━━━ Data to process ━━━

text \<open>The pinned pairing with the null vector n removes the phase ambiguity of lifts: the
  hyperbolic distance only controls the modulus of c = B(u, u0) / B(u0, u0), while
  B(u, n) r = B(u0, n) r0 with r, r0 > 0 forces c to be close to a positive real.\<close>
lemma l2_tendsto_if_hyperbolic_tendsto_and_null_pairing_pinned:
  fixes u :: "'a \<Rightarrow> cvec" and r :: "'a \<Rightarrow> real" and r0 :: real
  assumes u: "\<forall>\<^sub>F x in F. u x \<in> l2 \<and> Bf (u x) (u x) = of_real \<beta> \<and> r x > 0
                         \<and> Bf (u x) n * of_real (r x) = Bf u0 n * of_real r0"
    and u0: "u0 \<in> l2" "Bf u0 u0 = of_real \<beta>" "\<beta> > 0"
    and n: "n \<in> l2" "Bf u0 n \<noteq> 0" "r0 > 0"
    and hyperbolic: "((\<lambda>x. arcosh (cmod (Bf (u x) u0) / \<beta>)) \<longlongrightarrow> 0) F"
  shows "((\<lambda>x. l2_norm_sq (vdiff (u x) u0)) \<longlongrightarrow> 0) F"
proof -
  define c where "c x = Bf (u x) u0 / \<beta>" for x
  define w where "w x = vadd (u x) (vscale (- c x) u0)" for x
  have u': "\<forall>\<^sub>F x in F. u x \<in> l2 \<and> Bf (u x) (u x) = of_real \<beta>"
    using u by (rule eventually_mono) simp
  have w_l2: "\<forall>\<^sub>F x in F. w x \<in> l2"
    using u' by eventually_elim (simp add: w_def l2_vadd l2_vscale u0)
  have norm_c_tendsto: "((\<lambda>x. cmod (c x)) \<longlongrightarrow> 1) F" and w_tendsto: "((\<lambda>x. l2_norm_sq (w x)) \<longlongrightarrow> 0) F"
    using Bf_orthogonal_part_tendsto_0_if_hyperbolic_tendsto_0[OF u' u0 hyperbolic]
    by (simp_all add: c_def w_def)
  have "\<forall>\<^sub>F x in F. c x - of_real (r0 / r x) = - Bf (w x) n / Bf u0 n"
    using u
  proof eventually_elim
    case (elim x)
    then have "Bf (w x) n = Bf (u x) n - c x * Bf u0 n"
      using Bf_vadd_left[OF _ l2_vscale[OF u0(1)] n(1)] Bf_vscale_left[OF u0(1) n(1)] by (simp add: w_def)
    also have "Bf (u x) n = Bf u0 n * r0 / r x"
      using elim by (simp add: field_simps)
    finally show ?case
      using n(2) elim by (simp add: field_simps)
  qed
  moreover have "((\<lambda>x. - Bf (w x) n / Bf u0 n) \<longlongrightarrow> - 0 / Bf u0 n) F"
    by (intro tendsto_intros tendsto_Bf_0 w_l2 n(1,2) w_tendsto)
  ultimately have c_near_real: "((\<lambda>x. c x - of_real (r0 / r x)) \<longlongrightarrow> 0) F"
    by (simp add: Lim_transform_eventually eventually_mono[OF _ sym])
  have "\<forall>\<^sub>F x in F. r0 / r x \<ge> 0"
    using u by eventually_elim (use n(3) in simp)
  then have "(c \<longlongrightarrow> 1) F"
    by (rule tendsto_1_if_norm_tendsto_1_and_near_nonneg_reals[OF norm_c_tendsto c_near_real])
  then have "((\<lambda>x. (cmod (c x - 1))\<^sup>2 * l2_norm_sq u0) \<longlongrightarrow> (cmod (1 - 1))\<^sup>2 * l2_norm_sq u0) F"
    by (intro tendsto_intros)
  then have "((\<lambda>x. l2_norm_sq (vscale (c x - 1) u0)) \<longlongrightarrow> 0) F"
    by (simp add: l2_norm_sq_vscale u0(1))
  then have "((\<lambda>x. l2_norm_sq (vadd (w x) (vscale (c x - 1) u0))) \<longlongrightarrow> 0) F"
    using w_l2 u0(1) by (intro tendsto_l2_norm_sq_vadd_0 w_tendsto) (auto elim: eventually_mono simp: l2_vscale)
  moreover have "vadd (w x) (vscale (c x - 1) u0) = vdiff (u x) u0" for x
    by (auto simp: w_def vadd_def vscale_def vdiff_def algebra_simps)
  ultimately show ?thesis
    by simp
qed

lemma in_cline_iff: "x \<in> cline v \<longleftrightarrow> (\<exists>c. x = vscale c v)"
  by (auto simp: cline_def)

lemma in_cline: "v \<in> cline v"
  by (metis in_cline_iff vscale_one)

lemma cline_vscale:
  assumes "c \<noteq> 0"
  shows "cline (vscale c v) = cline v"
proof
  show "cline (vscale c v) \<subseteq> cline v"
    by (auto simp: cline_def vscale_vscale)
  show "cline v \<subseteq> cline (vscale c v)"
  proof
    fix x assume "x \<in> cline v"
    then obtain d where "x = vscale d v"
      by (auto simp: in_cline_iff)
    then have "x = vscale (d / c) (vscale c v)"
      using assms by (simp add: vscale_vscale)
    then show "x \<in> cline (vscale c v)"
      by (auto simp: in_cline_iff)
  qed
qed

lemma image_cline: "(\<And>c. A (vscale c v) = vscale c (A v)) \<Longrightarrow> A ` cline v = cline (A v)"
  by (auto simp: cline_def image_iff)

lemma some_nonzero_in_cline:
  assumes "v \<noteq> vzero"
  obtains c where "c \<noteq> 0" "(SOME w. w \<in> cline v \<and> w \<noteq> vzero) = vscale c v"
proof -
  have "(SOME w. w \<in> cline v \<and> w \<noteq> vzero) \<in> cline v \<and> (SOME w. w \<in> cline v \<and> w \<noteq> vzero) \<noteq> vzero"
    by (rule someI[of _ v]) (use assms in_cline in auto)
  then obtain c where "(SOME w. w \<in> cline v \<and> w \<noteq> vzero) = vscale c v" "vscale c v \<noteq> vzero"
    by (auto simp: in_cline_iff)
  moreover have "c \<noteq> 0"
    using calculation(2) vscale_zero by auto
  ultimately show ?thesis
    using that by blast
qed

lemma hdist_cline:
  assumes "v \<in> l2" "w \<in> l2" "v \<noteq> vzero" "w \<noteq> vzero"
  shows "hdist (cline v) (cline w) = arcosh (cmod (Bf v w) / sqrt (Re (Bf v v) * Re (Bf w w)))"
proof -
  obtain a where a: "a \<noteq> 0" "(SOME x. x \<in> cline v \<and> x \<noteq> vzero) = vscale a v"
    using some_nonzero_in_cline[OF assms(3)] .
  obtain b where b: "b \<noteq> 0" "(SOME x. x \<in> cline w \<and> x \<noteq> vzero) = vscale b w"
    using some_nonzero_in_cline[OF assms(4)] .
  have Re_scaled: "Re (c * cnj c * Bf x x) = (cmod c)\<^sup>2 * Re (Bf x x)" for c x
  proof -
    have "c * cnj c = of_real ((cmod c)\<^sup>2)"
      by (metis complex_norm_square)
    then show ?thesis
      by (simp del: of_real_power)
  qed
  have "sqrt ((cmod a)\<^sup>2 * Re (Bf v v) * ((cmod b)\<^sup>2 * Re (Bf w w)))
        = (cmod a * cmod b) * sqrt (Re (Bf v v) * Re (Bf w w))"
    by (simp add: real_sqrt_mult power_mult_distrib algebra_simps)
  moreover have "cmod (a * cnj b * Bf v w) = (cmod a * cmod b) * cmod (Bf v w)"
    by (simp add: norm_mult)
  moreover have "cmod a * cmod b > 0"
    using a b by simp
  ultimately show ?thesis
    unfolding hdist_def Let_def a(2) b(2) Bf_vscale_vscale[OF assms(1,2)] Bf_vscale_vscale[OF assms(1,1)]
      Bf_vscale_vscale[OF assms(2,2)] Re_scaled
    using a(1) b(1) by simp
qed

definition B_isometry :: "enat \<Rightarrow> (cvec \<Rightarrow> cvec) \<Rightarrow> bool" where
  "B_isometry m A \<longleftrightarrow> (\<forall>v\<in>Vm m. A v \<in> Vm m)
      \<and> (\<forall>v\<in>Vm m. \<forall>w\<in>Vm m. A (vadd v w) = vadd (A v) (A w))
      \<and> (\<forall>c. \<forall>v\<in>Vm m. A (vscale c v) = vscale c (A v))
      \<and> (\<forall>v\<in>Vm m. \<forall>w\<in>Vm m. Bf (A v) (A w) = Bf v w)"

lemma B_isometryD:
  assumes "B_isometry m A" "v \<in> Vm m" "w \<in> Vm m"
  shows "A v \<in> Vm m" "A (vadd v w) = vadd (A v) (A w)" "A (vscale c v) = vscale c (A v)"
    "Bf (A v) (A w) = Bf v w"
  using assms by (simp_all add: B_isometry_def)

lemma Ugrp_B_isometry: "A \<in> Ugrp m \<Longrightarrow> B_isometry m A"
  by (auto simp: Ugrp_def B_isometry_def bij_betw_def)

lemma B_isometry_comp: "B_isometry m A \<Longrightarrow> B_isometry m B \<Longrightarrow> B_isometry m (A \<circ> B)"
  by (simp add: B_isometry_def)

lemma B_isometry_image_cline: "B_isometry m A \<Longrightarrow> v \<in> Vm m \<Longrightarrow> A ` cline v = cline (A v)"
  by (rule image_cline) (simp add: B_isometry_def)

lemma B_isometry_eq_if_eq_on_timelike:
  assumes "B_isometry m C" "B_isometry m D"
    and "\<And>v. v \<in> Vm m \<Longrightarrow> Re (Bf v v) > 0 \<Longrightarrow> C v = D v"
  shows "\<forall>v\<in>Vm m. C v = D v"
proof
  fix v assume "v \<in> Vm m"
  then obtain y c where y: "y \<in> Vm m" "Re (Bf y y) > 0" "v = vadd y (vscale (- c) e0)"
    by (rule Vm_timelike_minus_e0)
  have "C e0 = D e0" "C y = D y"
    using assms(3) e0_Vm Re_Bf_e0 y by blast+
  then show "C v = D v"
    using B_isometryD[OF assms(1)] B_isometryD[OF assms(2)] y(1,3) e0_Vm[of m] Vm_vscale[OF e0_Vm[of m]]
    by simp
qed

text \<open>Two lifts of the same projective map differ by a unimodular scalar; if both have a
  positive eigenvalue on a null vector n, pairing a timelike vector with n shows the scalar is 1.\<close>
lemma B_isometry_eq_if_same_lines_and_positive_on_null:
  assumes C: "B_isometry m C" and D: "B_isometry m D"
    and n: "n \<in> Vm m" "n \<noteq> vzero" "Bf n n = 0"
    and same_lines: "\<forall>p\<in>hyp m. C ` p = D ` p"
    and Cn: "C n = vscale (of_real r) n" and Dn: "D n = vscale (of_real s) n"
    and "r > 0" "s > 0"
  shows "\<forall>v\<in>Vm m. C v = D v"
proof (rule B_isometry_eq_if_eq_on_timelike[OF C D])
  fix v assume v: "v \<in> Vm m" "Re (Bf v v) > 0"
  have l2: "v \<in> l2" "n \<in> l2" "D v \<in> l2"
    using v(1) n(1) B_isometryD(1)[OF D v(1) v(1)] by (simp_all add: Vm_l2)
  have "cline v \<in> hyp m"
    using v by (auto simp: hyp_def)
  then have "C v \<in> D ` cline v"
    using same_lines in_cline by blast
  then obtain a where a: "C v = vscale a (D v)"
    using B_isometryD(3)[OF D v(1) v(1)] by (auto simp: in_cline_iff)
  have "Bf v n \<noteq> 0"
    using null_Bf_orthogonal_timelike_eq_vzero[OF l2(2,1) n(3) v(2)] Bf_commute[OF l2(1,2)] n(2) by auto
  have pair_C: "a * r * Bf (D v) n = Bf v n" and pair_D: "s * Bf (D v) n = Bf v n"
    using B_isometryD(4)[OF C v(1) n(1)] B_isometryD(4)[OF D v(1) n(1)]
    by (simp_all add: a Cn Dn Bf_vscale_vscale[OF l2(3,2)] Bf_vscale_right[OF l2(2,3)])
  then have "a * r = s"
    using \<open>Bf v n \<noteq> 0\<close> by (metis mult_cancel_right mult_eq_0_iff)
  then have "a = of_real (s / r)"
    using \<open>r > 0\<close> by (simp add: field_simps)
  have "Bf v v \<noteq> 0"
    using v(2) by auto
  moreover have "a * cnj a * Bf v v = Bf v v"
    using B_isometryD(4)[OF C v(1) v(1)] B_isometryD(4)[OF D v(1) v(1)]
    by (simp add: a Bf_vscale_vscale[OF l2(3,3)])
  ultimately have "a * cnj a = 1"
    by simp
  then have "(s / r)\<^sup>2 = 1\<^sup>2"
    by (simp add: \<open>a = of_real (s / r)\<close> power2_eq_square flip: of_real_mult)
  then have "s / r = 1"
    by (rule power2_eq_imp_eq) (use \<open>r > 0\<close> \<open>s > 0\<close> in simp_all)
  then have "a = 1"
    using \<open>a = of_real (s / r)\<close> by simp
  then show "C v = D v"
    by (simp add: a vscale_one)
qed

━━━

__Brief__: Among the lines above, repeat exactly those from the line with "(cline v) (cline" to the line with "using some_nonzero_in_cline[OF assms(3)]", counting both ends.

__Solution for this task__:
  shows "hdist (cline v) (cline w) = arcosh (cmod (Bf v w) / sqrt (Re (Bf v v) * Re (Bf w w)))"
proof -
  obtain a where a: "a \<noteq> 0" "(SOME x. x \<in> cline v \<and> x \<noteq> vzero) = vscale a v"
    using some_nonzero_in_cline[OF assms(3)] .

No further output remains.